Records from a collection:

━━━━━━━━━━

text \<open>One Gram--Schmidt step: normalize the component \<open>w\<close> of \<open>x\<close> orthogonal to the family, or
  drop it when it is isotropic (then it is invisible to the semidefinite form).\<close>

lemma orthonormal_extend_parseval:
  assumes symmetric: "symmetric_mat d S"
    and psd: "\<And>v. 0 \<le> bilin d S v v" and orth: "orthonormal d S r b"
  obtains r' b' where "r' \<le> Suc r" "orthonormal d S r' b'" "parseval d S r' b' x"
    "\<And>v. parseval d S r b v \<Longrightarrow> parseval d S r' b' v"
proof -
  define w where "w = (\<lambda>i. x i - (\<Sum>l<r. bilin d S x (b l) * b l i))"
  note w_y = bilin_orthogonal_component(1)[OF orth, of x, folded w_def]
  note w_b = bilin_orthogonal_component(2)[OF orth, of _ x, folded w_def]
  define q where "q = bilin d S w w"
  show ?thesis
  proof (cases "q = 0")
    case True
    have "bilin d S w y = 0" for y
      using bilin_isotropic_eq_0[OF symmetric psd, of w] True unfolding q_def by blast
    then have "parseval d S r b x" unfolding parseval_def using w_y by (metis eq_iff_diff_eq_0)
    show ?thesis by (rule that[of r b]) (use orth \<open>parseval d S r b x\<close> in simp_all)
  next
    case False
    then have "q > 0" using psd[of w] q_def by linarith
    define u where "u = (\<lambda>i. (1 / sqrt q) * w i)"
    have u_y: "bilin d S u y = bilin d S w y / sqrt q" for y
      unfolding u_def by (simp only: bilin_left_linear) simp
    have u_b: "bilin d S u (b l) = 0" if "l < r" for l
      using w_b[OF that] by (simp add: u_y)
    have b_u: "bilin d S (b l) u = 0" if "l < r" for l
      using u_b[OF that] bilin_commute[OF symmetric, of u "b l"] by simp
    have w_u: "bilin d S w u = sqrt q"
      using \<open>q > 0\<close> bilin_commute[OF symmetric, of w u] by (simp add: u_y q_def[symmetric] real_div_sqrt)
    have "(\<Sum>l<r. bilin d S x (b l) * bilin d S (b l) u) = 0" by (intro sum.neutral) (simp add: b_u)
    then have x_u: "bilin d S x u = sqrt q" using w_y[of u] w_u by linarith
    show ?thesis
    proof (rule that[of "Suc r" "b(r := u)"])
      show "orthonormal d S (Suc r) (b(r := u))"
        using \<open>q > 0\<close> w_u u_b by (intro orthonormal_fun_upd[OF symmetric orth]) (simp_all add: u_y)
      show "parseval d S (Suc r) (b(r := u)) x"
        unfolding parseval_def parseval_sum_fun_upd
      proof
        fix y
        have "bilin d S x u * bilin d S u y = bilin d S w y" using \<open>q > 0\<close> by (simp add: x_u u_y)
        then show "bilin d S x y = (\<Sum>l<r. bilin d S x (b l) * bilin d S (b l) y) + bilin d S x u * bilin d S u y"
          using w_y[of y] by linarith
      qed
    qed (use b_u parseval_fun_upd in auto)
  qed
qed

lemma parseval_if_parseval_basis_vec:
  assumes "\<And>j. j < d \<Longrightarrow> parseval d S r b (basis_vec j)"
  shows "parseval d S r b v"
  unfolding parseval_def
proof
  fix y
  have "bilin d S v y = (\<Sum>j<d. v j * (\<Sum>l<r. bilin d S (basis_vec j) (b l) * bilin d S (b l) y))"
    using assms unfolding parseval_def by (subst bilin_eq_sum_basis_vec) simp
  also have "\<dots> = (\<Sum>l<r. (\<Sum>j<d. v j * bilin d S (basis_vec j) (b l)) * bilin d S (b l) y)"
    by (simp add: sum_distrib_left sum_distrib_right sum.swap[of _ "{..<r}"] mult_ac)
  finally show "bilin d S v y = (\<Sum>l<r. bilin d S v (b l) * bilin d S (b l) y)"
    by (simp add: bilin_eq_sum_basis_vec[symmetric])
qed

lemma gram_schmidt:
  assumes symmetric: "symmetric_mat d S"
    and psd: "\<And>v. 0 \<le> bilin d S v v"
  obtains r b where "r \<le> d" "orthonormal d S r b" "\<And>v. parseval d S r b v"
proof -
  have "\<exists>r b. r \<le> m \<and> orthonormal d S r b \<and> (\<forall>j<m. parseval d S r b (basis_vec j))" for m
  proof (induction m)
    case 0
    show ?case by (auto simp: orthonormal_def)
  next
    case (Suc m)
    then obtain r b where rb: "r \<le> m" "orthonormal d S r b" "\<forall>j<m. parseval d S r b (basis_vec j)"
      by blast
    obtain r' b' where r'b': "r' \<le> Suc r" "orthonormal d S r' b'" "parseval d S r' b' (basis_vec m)"
      "\<And>v. parseval d S r b v \<Longrightarrow> parseval d S r' b' v"
      using orthonormal_extend_parseval[OF symmetric psd rb(2), of "basis_vec m"] by blast
    have "\<forall>j<Suc m. parseval d S r' b' (basis_vec j)"
      using rb(3) r'b'(3,4) by (simp add: less_Suc_eq)
    then show ?case using rb(1) r'b'(1,2) by (intro exI[of _ r'] exI[of _ b']) simp
  qed
  then show ?thesis using that parseval_if_parseval_basis_vec by blast
qed

lemma power_div_fact_le_exp:
  fixes x :: real assumes "0 \<le> x"
  shows "x ^ k / fact k \<le> exp x"
proof -
  have sums: "(\<lambda>n. x ^ n / fact n) sums exp x"
    using exp_converges[of x] by (simp add: divide_inverse mult.commute)
  have "x ^ k / fact k \<le> (\<Sum>j<Suc k. x ^ j / fact j)"
    using assms by (intro member_le_sum) auto
  also have "\<dots> \<le> (\<Sum>n. x ^ n / fact n)"
    using sums assms by (intro sum_le_suminf) (auto simp: sums_iff)
  finally show ?thesis using sums by (simp add: sums_iff)
qed

lemma even_power_le_exp_add:
  fixes t y :: real assumes "0 < t"
  shows "y ^ (2 * k) \<le> fact (2 * k) / t ^ (2 * k) * (exp (t * y) + exp ((- t) * y))"
proof -
  have "(t * \<bar>y\<bar>) ^ (2 * k) / fact (2 * k) \<le> exp (t * \<bar>y\<bar>)"
    using assms by (intro power_div_fact_le_exp) simp
  also have "\<dots> \<le> exp (t * y) + exp ((- t) * y)" by (cases "y \<ge> 0") auto
  finally show ?thesis using assms by (simp add: power_mult_distrib power_even_abs field_simps)
qed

━━━━━━━━━━

Your task:
Every line that contains the string "note" should be returned from the data.

Exercise response:
  note w_y = bilin_orthogonal_component(1)[OF orth, of x, folded w_def]
  note w_b = bilin_orthogonal_component(2)[OF orth, of _ x, folded w_def]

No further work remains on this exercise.